Petunjuk turunan untuk aturan itu dapat ditemukan pada portal Anjungan Integritas Akademik Indonesia (Anjani). Dalam hal kepengarangan, kata kontribusi menjadi kunci apakah kepengarangan bisa dianggap sah atau tidak. Kontribusi dalam portal tersebut dijabarkan sebagai gagasan, pendapat, atau peran aktif yang berhubungan dengan bidang keilmuan. Tetapi, perlu diperjelas batasan tentang seberapa besar gagasan, pendapat, atau peran aktif seseorang yang dapat membuatnya layak menjadi pengarang suatu karya.

 

Pelanggaran etika kepengarangan

Baca juga : Putusan MA Harus Linear dengan KY Soal Hukuman Hakim Pembebas Ronald Tannur

Pada 2024 ini, dunia akademik Indonesia dikejutkan oleh produktivitas seorang guru besar yang luar biasa. Dalam kurun waktu empat bulan, sang guru besar bisa memproduksi ratusan artikel ilmiah. Banyak pihak yang menyangsikan produktivitas yang tidak masuk akal tersebut. Dalam pemberitaan media Tempoitu ditengarai ada skripsi mahasiswa yang kemudian diterbitkan menjadi artikel jurnal dengan sang guru besar menjadi salah satu penulisnya.

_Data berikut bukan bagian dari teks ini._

(* Let $X$ and $\Theta$ be compact metric spaces and $\tau:\Theta\times X\to X$, $(\theta,x)\mapsto\tau_\theta(x)$, continuous. Let $\Omega=X\times\Theta$ and let $\hat\nu$ be a holonomic Borel probability measure on $\Omega$, i.e. $\int_\Omega [f(\tau_\theta(x))-f(x)]\,d\hat\nu(x,\theta)=0$ for all $f\in C(X,\mathbb{R})$. Let $d\hat\nu(x,\theta)=d\nu_x(\theta)\,d\nu(x)$ be its disintegration with respect to the projection $T:\Omega\to X$ onto the first coordinate ($\nu=T_*\hat\nu$, and $\nu_x$ probability measures on $\Theta$). Let $\mu$ be a Borel probability measure on $\Theta$ such that $\nu_x\ll\mu$ for $\nu$-a.e. $x$, and let $J_x=d\nu_x/d\mu$ when $\nu_x\ll\mu$ and $J_x\equiv 0$ otherwise. Define $B_\mu(g)(x)=\int_\Theta g(\tau_\theta(x))\,d\mu(\theta)$, \[ h_v(\hat\nu)=\inf_{g\in C(X,\mathbb{R}),\,g>0}\int_X\ln\frac{B_\mu(g)}{g}\,d\nu,\qquad h_a(\hat\nu)=-\int_\Omega \ln J_x(\theta)\,d\nu_x(\theta)\,d\nu(x). \] Then $h_a(\hat\nu)\le h_v(\hat\nu)\le 0$. Moreover, if there exists a positive function $\phi\in C(X,\mathbb{R})$ that is optimal, i.e. $J_x(\theta)=\phi(\tau_\theta(x))/B_\mu(\phi)(x)$, then \[ h_a(\hat\nu)=h_v(\hat\nu)=\int_X\ln\frac{B_\mu(\phi)}{\phi}\,d\nu. \]
   Context: $h_v$ is called the variational entropy and $h_a$ the average entropy of $\hat\nu$ with a priori probability $\mu$. *)

theory Defs
  imports "HOL-Probability.Probability"
begin
(* Let $\mu, z \in \mathcal{X}$ and let $P_X$ be a probability distribution on $\mathcal{X}$. The influence function $IF(z; D, \mu, P_X) := \lim_{\varepsilon \downarrow 0} \frac{D(\mu; (1 - \varepsilon) P_X + \varepsilon \delta_z) - D(\mu; P_X)}{\varepsilon}$ exists and equals $IF(z; D, \mu, P_X) = 2 - 2 D(\mu; P_X) - \mathrm{E} \{ h(X, z, \mu) \}$, where $X \sim P_X$. Moreover, $\sup_{z \in \mathcal{X}} | IF(z; D, \mu, P_X) | \leq 4$.
   Context: $(\mathcal{X}, d)$ is a complete separable metric space with its Borel $\sigma$-algebra. Define $h: \mathcal{X}^3 \to \mathbb{R}$ by $h(x_1, x_2, x_3) := \mathbb{I}( x_3 \notin \{x_1, x_2\} ) \dfrac{ d^2(x_1, x_3) + d^2(x_2, x_3) - d^2(x_1, x_2) }{d(x_1, x_3)\, d(x_2, x_3) }$, where $h := 0$ when $x_3 \in \{x_1,x_2\}$. The metric spatial depth of $\mu \in \mathcal{X}$ with respect to a probability distribution $P_X$ on $\mathcal{X}$ is $D(\mu; P_X) := 1 - \frac{1}{2} \mathrm{E} \{ h(X_1, X_2, \mu) \}$, where $X_1, X_2 \sim P_X$ are independent. $\delta_z$ denotes the Dirac point mass at $z$, and $(1-\varepsilon)P_X + \varepsilon\delta_z$ the corresponding mixture distribution. *)

theory Defs
  imports "HOL-Probability.Probability"
begin

definition msd_h :: "'a::metric_space \<Rightarrow> 'a \<Rightarrow> 'a \<Rightarrow> real" where
  "msd_h x1 x2 x3 =
     (if x3 \<notin> {x1, x2}
      then (dist x1 x3 ^ 2 + dist x2 x3 ^ 2 - dist x1 x2 ^ 2) / (dist x1 x3 * dist x2 x3)
      else 0)"

definition msd_depth :: "'a::metric_space \<Rightarrow> 'a measure \<Rightarrow> real" where
  "msd_depth \<mu> P = 1 - (1/2) * (\<integral>p. msd_h (fst p) (snd p) \<mu> \<partial>(P \<Otimes>\<^sub>M P))"

definition mixture :: "real \<Rightarrow> 'a::topological_space measure \<Rightarrow> 'a \<Rightarrow> 'a measure" where
  "mixture \<epsilon> P z = measure_of UNIV (sets borel)
     (\<lambda>A. ennreal (1 - \<epsilon>) * emeasure P A + ennreal \<epsilon> * indicator A z)"

end

theory Submission
  imports Defs
begin

text \<open>The contaminated law is the Bernoulli mixture of \<open>\<delta>\<^sub>z\<close> and \<open>P\<close>, so it integrates every
  bounded measurable function affinely in \<open>\<epsilon>\<close>. Applying this in both coordinates of the product
  integral (the kernel \<open>h\<close> is bounded by 2 by the triangle inequality) shows that
  \<open>D(\<mu>; (1 - \<epsilon>) P + \<epsilon> \<delta>\<^sub>z)\<close> is a quadratic polynomial in \<open>\<epsilon>\<close>; the influence function is its
  linear coefficient, and each of its two integrals is bounded by 2 in absolute value.\<close>

lemma msd_h_commute: "msd_h x y m = msd_h y x m"
  unfolding msd_h_def by (simp add: dist_commute insert_commute mult.commute add.commute)

lemma abs_msd_h_le: "\<bar>msd_h x y m\<bar> \<le> 2"
proof (cases "m \<in> {x, y}")
  case False
  define a b c where "a = dist x m" and "b = dist y m" and "c = dist x y"
  have pos: "a > 0" "b > 0" using False by (auto simp: a_def b_def)
  have "\<bar>a - b\<bar> \<le> c" "c \<le> a + b"
    unfolding a_def b_def c_def by (smt (verit) dist_commute dist_triangle)+
  then have "(a - b)\<^sup>2 \<le> c\<^sup>2" "c\<^sup>2 \<le> (a + b)\<^sup>2"
    by (metis abs_le_square_iff abs_of_nonneg c_def zero_le_dist, intro power_mono) (simp_all add: c_def)
  then have "\<bar>a\<^sup>2 + b\<^sup>2 - c\<^sup>2\<bar> \<le> 2 * (a * b)"
    by (simp add: power2_eq_square algebra_simps abs_le_iff)
  then show ?thesis
    using False pos by (simp add: msd_h_def a_def b_def c_def abs_mult divide_le_eq)
qed (simp add: msd_h_def)

lemma borel_measurable_msd_h[measurable]:
  fixes m :: "'a::{metric_space, second_countable_topology}"
  assumes [measurable]: "f \<in> borel_measurable M" "g \<in> borel_measurable M"
  shows "(\<lambda>p. msd_h (f p) (g p) m) \<in> borel_measurable M"
  unfolding msd_h_def insert_iff empty_iff by measurable

lemma (in prob_space) abs_integral_le_const:
  fixes f :: "'a \<Rightarrow> real"
  assumes "f \<in> borel_measurable M" and "\<And>x. \<bar>f x\<bar> \<le> K"
  shows "\<bar>\<integral>x. f x \<partial>M\<bar> \<le> K"
proof -
  have "integrable M f"
    using assms by (intro integrable_const_bound[where B = K]) auto
  then have "(\<integral>x. f x \<partial>M) \<le> K" "- K \<le> (\<integral>x. f x \<partial>M)"
    using assms(2) by (auto intro!: integral_le_const integral_ge_const simp: abs_le_iff minus_le_iff)
  then show ?thesis by linarith
qed

lemma measurable_return_or_prob_space:
  assumes "prob_space P" and "sets P = sets borel"
  shows "(\<lambda>b. if b then return borel z else P) \<in> measure_pmf p \<rightarrow>\<^sub>M subprob_algebra borel"
  using assms by (auto simp: space_subprob_algebra prob_space_imp_subprob_space subprob_space_return)

lemma mixture_eq_bind_bernoulli:
  assumes P: "prob_space P" "sets P = sets borel" and e: "0 \<le> e" "e \<le> 1"
  shows "mixture e P z = measure_pmf (bernoulli_pmf e) \<bind> (\<lambda>b. if b then return borel z else P)"
    (is "_ = ?M")
proof -
  note kernel = measurable_return_or_prob_space[OF P]
  have sets_M: "sets ?M = sets borel"
    using P by (subst sets_bind) auto
  have "emeasure ?M A = ennreal (1 - e) * emeasure P A + ennreal e * indicator A z"
    if "A \<in> sets borel" for A
    using that e P by (subst emeasure_bind[OF _ kernel]) (auto simp: mult.commute add.commute)
  then have "mixture e P z = measure_of UNIV (sets borel) (emeasure ?M)"
    unfolding mixture_def by (intro measure_of_eq) (auto simp: sets.sigma_sets_eq[of borel, simplified])
  also have "\<dots> = ?M"
    using measure_of_of_measure[of ?M] sets_M by (metis sets_eq_imp_space_eq space_borel)
  finally show ?thesis .
qed

lemma
  assumes P: "prob_space P" "sets P = sets borel" and e: "0 \<le> e" "e \<le> 1"
  shows prob_space_mixture: "prob_space (mixture e P z)"
    and sets_mixture: "sets (mixture e P z) = sets borel"
  using P unfolding mixture_eq_bind_bernoulli[OF P e]
  by (auto intro!: prob_space.prob_space_bind[OF prob_space_measure_pmf _
        measurable_return_or_prob_space[OF P]] simp: prob_space_return)

lemma integral_mixture:
  fixes f :: "'a::topological_space \<Rightarrow> real"
  assumes P: "prob_space P" "sets P = sets borel" and e: "0 \<le> e" "e \<le> 1"
    and f: "f \<in> borel_measurable borel" "\<And>x. \<bar>f x\<bar> \<le> K"
  shows "(\<integral>x. f x \<partial>mixture e P z) = (1 - e) * (\<integral>x. f x \<partial>P) + e * f z"
proof -
  have "(\<integral>x. f x \<partial>mixture e P z)
      = (\<integral>b. (\<integral>x. f x \<partial>(if b then return borel z else P)) \<partial>bernoulli_pmf e)"
    unfolding mixture_eq_bind_bernoulli[OF P e]
    using P f(2) measure_pmf.finite_measure_axioms
    by (intro integral_bind[OF f(1) _ measurable_return_or_prob_space[OF P], where B = K and B' = 1])
       (auto simp: prob_space.emeasure_space_1)
  also have "\<dots> = (1 - e) * (\<integral>x. f x \<partial>P) + e * f z"
    using e f by (simp add: integral_return)
  finally show ?thesis .
qed

lemma msd_depth_eq_iterated_integral:
  fixes m :: "'a::{metric_space, second_countable_topology}"
  assumes P: "prob_space P" "sets P = sets borel"
  shows "msd_depth m P = 1 - 1/2 * (\<integral>x. \<integral>y. msd_h x y m \<partial>P \<partial>P)"
proof -
  interpret prob_space P by (rule P(1))
  interpret pair_prob_space P P ..
  have "(\<lambda>p. msd_h (fst p) (snd p) m) \<in> borel_measurable (P \<Otimes>\<^sub>M P)"
    using measurable_fst[of P P] measurable_snd[of P P]
    by (simp add: measurable_cong_sets[OF refl P(2)])
  then have "integrable (P \<Otimes>\<^sub>M P) (\<lambda>p. msd_h (fst p) (snd p) m)"
    by (intro P.integrable_const_bound[where B = 2]) (auto simp: abs_msd_h_le)
  from integral_fst'[OF this] show ?thesis
    unfolding msd_depth_def by simp
qed

lemma borel_measurable_integral_msd_h:
  fixes m :: "'a::{metric_space, second_countable_topology}"
  assumes P: "prob_space P" "sets P = sets borel"
  shows "(\<lambda>x. \<integral>y. msd_h x y m \<partial>P) \<in> borel_measurable borel"
proof -
  interpret prob_space P by (rule P(1))
  have "snd \<in> borel \<Otimes>\<^sub>M P \<rightarrow>\<^sub>M borel"
    using measurable_snd[of borel P] by (simp add: measurable_cong_sets[OF refl P(2)])
  then have "(\<lambda>p. msd_h (fst p) (snd p) m) \<in> borel_measurable (borel \<Otimes>\<^sub>M P)"
    by measurable
  then show ?thesis
    by (intro borel_measurable_lebesgue_integral) (simp add: case_prod_beta')
qed

lemma abs_integral_msd_h_le:
  fixes m :: "'a::{metric_space, second_countable_topology}"
  assumes "prob_space P" and "sets P = sets borel"
  shows "\<bar>\<integral>y. msd_h x y m \<partial>P\<bar> \<le> 2"
  using assms
  by (intro prob_space.abs_integral_le_const) (simp_all add: abs_msd_h_le measurable_cong_sets[OF assms(2) refl])

lemma msd_depth_mixture:
  fixes m z :: "'a::{metric_space, second_countable_topology}"
  assumes P: "prob_space P" "sets P = sets borel" and e: "0 \<le> e" "e \<le> 1"
  shows "msd_depth m (mixture e P z) = 1 - 1/2 * ((1 - e)\<^sup>2 * (\<integral>x. \<integral>y. msd_h x y m \<partial>P \<partial>P)
           + 2 * e * (1 - e) * (\<integral>x. msd_h x z m \<partial>P) + e\<^sup>2 * msd_h z z m)"
proof -
  interpret prob_space P by (rule P(1))
  define A where "A x = (\<integral>y. msd_h x y m \<partial>P)" for x
  have borel_P: "measurable P = measurable borel"
    using measurable_cong_sets[OF P(2) refl] by blast
  have A_meas: "A \<in> borel_measurable borel"
    unfolding A_def by (rule borel_measurable_integral_msd_h[OF P])
  have A_bound: "\<bar>A x\<bar> \<le> 2" for x
    unfolding A_def by (rule abs_integral_msd_h_le[OF P])
  have A_integrable: "integrable P A"
    using A_meas A_bound by (intro integrable_const_bound[where B = 2]) (simp_all add: borel_P)
  have h_integrable: "integrable P (\<lambda>x. msd_h x z m)"
    by (intro integrable_const_bound[where B = 2]) (simp_all add: abs_msd_h_le borel_P)
  have combination_bound: "\<bar>(1 - e) * A x + e * msd_h x z m\<bar> \<le> 2" for x
  proof -
    have "\<bar>A x\<bar> \<le> 2" "\<bar>msd_h x z m\<bar> \<le> 2"
      by (rule A_bound, rule abs_msd_h_le)
    then have "(1 - e) * A x + e * msd_h x z m \<le> 2" "(1 - e) * - A x + e * - msd_h x z m \<le> 2"
      using e by (intro convex_bound_le; simp add: abs_le_iff)+
    then show ?thesis by linarith
  qed
  have "(\<integral>x. \<integral>y. msd_h x y m \<partial>mixture e P z \<partial>mixture e P z)
      = (\<integral>x. (1 - e) * A x + e * msd_h x z m \<partial>mixture e P z)"
    unfolding A_def by (intro Bochner_Integration.integral_cong refl integral_mixture[OF P e _ abs_msd_h_le]) simp
  also have "\<dots> = (1 - e) * (\<integral>x. (1 - e) * A x + e * msd_h x z m \<partial>P) + e * ((1 - e) * A z + e * msd_h z z m)"
    using A_meas combination_bound by (intro integral_mixture[OF P e]) simp_all
  also have "(\<integral>x. (1 - e) * A x + e * msd_h x z m \<partial>P) = (1 - e) * (\<integral>x. A x \<partial>P) + e * (\<integral>x. msd_h x z m \<partial>P)"
    using A_integrable h_integrable by simp
  also have "A z = (\<integral>x. msd_h x z m \<partial>P)"
    unfolding A_def by (simp add: msd_h_commute[of z])
  finally show ?thesis
    unfolding msd_depth_eq_iterated_integral[OF prob_space_mixture[OF P e] sets_mixture[OF P e]] A_def
    by (simp add: power2_eq_square algebra_simps)
qed

definition msd_influence :: "'a::metric_space \<Rightarrow> 'a measure \<Rightarrow> 'a \<Rightarrow> real" where
  "msd_influence \<mu> P z = 2 - 2 * msd_depth \<mu> P - (\<integral>x. msd_h x z \<mu> \<partial>P)"

lemma msd_influence_eq_integrals:
  fixes \<mu> z :: "'a::{metric_space, second_countable_topology}"
  assumes "prob_space P" and "sets P = sets borel"
  shows "msd_influence \<mu> P z = (\<integral>x. \<integral>y. msd_h x y \<mu> \<partial>P \<partial>P) - (\<integral>x. msd_h x z \<mu> \<partial>P)"
  unfolding msd_influence_def msd_depth_eq_iterated_integral[OF assms] by simp

lemma abs_msd_influence_le:
  fixes \<mu> z :: "'a::{metric_space, second_countable_topology}"
  assumes P: "prob_space P" "sets P = sets borel"
  shows "\<bar>msd_influence \<mu> P z\<bar> \<le> 4"
proof -
  have "\<bar>\<integral>x. \<integral>y. msd_h x y \<mu> \<partial>P \<partial>P\<bar> \<le> 2"
    using abs_integral_msd_h_le[OF P]
    by (intro prob_space.abs_integral_le_const[OF P(1)])
       (simp_all add: measurable_cong_sets[OF P(2) refl] borel_measurable_integral_msd_h[OF P] abs_msd_h_le)
  moreover have "\<bar>\<integral>x. msd_h x z \<mu> \<partial>P\<bar> \<le> 2"
    unfolding msd_h_commute[of _ z] by (rule abs_integral_msd_h_le[OF P])
  ultimately show ?thesis
    unfolding msd_influence_eq_integrals[OF P] by linarith
qed

lemma msd_depth_mixture_difference_quotient:
  fixes \<mu> z :: "'a::{metric_space, second_countable_topology}"
  assumes P: "prob_space P" "sets P = sets borel" and e: "0 < e" "e \<le> 1"
  shows "(msd_depth \<mu> (mixture e P z) - msd_depth \<mu> P) / e
    = msd_influence \<mu> P z - e / 2 * (msd_influence \<mu> P z - (\<integral>x. msd_h x z \<mu> \<partial>P) + msd_h z z \<mu>)"
proof -
  define I J c where "I = (\<integral>x. \<integral>y. msd_h x y \<mu> \<partial>P \<partial>P)" and "J = (\<integral>x. msd_h x z \<mu> \<partial>P)"
    and "c = msd_h z z \<mu>"
  have "msd_depth \<mu> (mixture e P z) - msd_depth \<mu> P
      = e * (msd_influence \<mu> P z - e / 2 * (msd_influence \<mu> P z - J + c))"
    unfolding msd_depth_mixture[OF P less_imp_le[OF e(1)] e(2)] msd_influence_eq_integrals[OF P]
      msd_depth_eq_iterated_integral[OF P] I_def[symmetric] J_def[symmetric] c_def[symmetric]
    by (simp add: algebra_simps power2_eq_square)
  with e show ?thesis
    unfolding J_def c_def by simp
qed

lemma tendsto_msd_influence:
  fixes \<mu> z :: "'a::{metric_space, second_countable_topology}"
  assumes P: "prob_space P" "sets P = sets borel"
  shows "((\<lambda>e. (msd_depth \<mu> (mixture e P z) - msd_depth \<mu> P) / e) \<longlongrightarrow> msd_influence \<mu> P z) (at_right 0)"
proof -
  define IF K where "IF = msd_influence \<mu> P z" and "K = IF - (\<integral>x. msd_h x z \<mu> \<partial>P) + msd_h z z \<mu>"
  have quotient_eq: "\<forall>\<^sub>F e in at_right 0. (msd_depth \<mu> (mixture e P z) - msd_depth \<mu> P) / e = IF - e / 2 * K"
    unfolding eventually_at_right[OF zero_less_one] IF_def K_def
    using msd_depth_mixture_difference_quotient[OF P] by (intro exI[of _ 1]) simp
  have "((\<lambda>e. IF - e / 2 * K) \<longlongrightarrow> IF - 0 / 2 * K) (at_right 0)"
    by (intro tendsto_intros) simp
  then show ?thesis
    unfolding tendsto_cong[OF quotient_eq] IF_def by simp
qed

theorem theorem2:
  fixes \<mu> z :: "'a::polish_space" and P :: "'a measure"
  assumes "prob_space P" and "sets P = sets borel"
  shows "((\<lambda>\<epsilon>. (msd_depth \<mu> (mixture \<epsilon> P z) - msd_depth \<mu> P) / \<epsilon>)
            \<longlongrightarrow> 2 - 2 * msd_depth \<mu> P - (\<integral>x. msd_h x z \<mu> \<partial>P)) (at_right 0) \<and>
         (\<forall>z'. \<bar>2 - 2 * msd_depth \<mu> P - (\<integral>x. msd_h x z' \<mu> \<partial>P)\<bar> \<le> 4)"
  using tendsto_msd_influence[OF assms] abs_msd_influence_le[OF assms]
  unfolding msd_influence_def by blast

end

Kita bisa melihat bagaimana repotnya menggunakan kacamata kontribusi‘ yang ada dalam Permendikbud-Ristek untuk menelaah kasus semacam itu

Seseorang bisa saja memberikan masukan dan saran untuk artikel yang ditulis orang lain, kemudian mencantumkan namanya sebagai salah satu penulis artikel. Orang lain bisa saja ikut menyumbangkan satu paragraf kemudian mencantumkan namanya sebagai pengarang bersama (co-author). 

Baca juga : Komisi Yudisial Mengaku Telah Memeriksa Hakim yang Vonis Bebas Ronald Perapian:Tungku

Memakai acuan kontribusi dalam aturan di atas, mereka bisa saja dianggap sebagai co-author karena sudah ikut berkontribusi. Tetapi, kita patut mempertanyakan pula apakah sekadar memberi saran membuat seseorang layak mengeklaim authorship? Apakah dengan menyumbangkan satu paragraf seseorang berhak mendapat predikat co-author?

Jenis pelanggaran lain ialah gift authorship (kepengarangan hadiah) yang bisa muncul dalam berbagai bentuk. Salah satunya ialah pencantuman nama akademisi senior sebagai salah satu penulis walaupun kontribusi yang ia berikan tidak signifikan. Bentuk lain ialah mencantumkan nama akademisi yang memiliki afiliasi di institusi tertentu sebagai co-author. Pencantuman itu salah satunya dilandasi motif bahwa nama seorang senior yang dikenal dalam suatu bidang ilmu, atau nama seorang mitra yang berafiliasi di institusi tertentu, akan mempermudah proses review sebuah artikel.

Cek Artikel:  Perundungan dan Ketahanan Mental dalam Pendidikan Spesialis Indonesia

Gift authorship yang dapat ditemui di Indonesia ialah pencantuman nama akademisi yang berafiliasi di institusi luar negeri sebagai co-author tanpa melewati proses yang legal dan etis.

Baca juga : Putusan PTUN Atas Gugatan Anwar Usman Awallai Kontradiktif dan Janggal

Salah satu kasus gift authorship yang mengemuka di publik melibatkan guru besar yang sama. Menurut laman Retraction Watch, sang guru besar sempat berkunjung ke salah satu kampus di negeri jiran untuk membicarakan potensi kerja sama akademik. Tetapisetelahnya, didapati bahwa puluhan nama dosen di kampus yang dikunjungi kemudian dicantumkan sebagai co-author di artikel-artikel yang dipublikasikan oleh sang guru besar tersebut tanpa ada persetujuan dari mereka.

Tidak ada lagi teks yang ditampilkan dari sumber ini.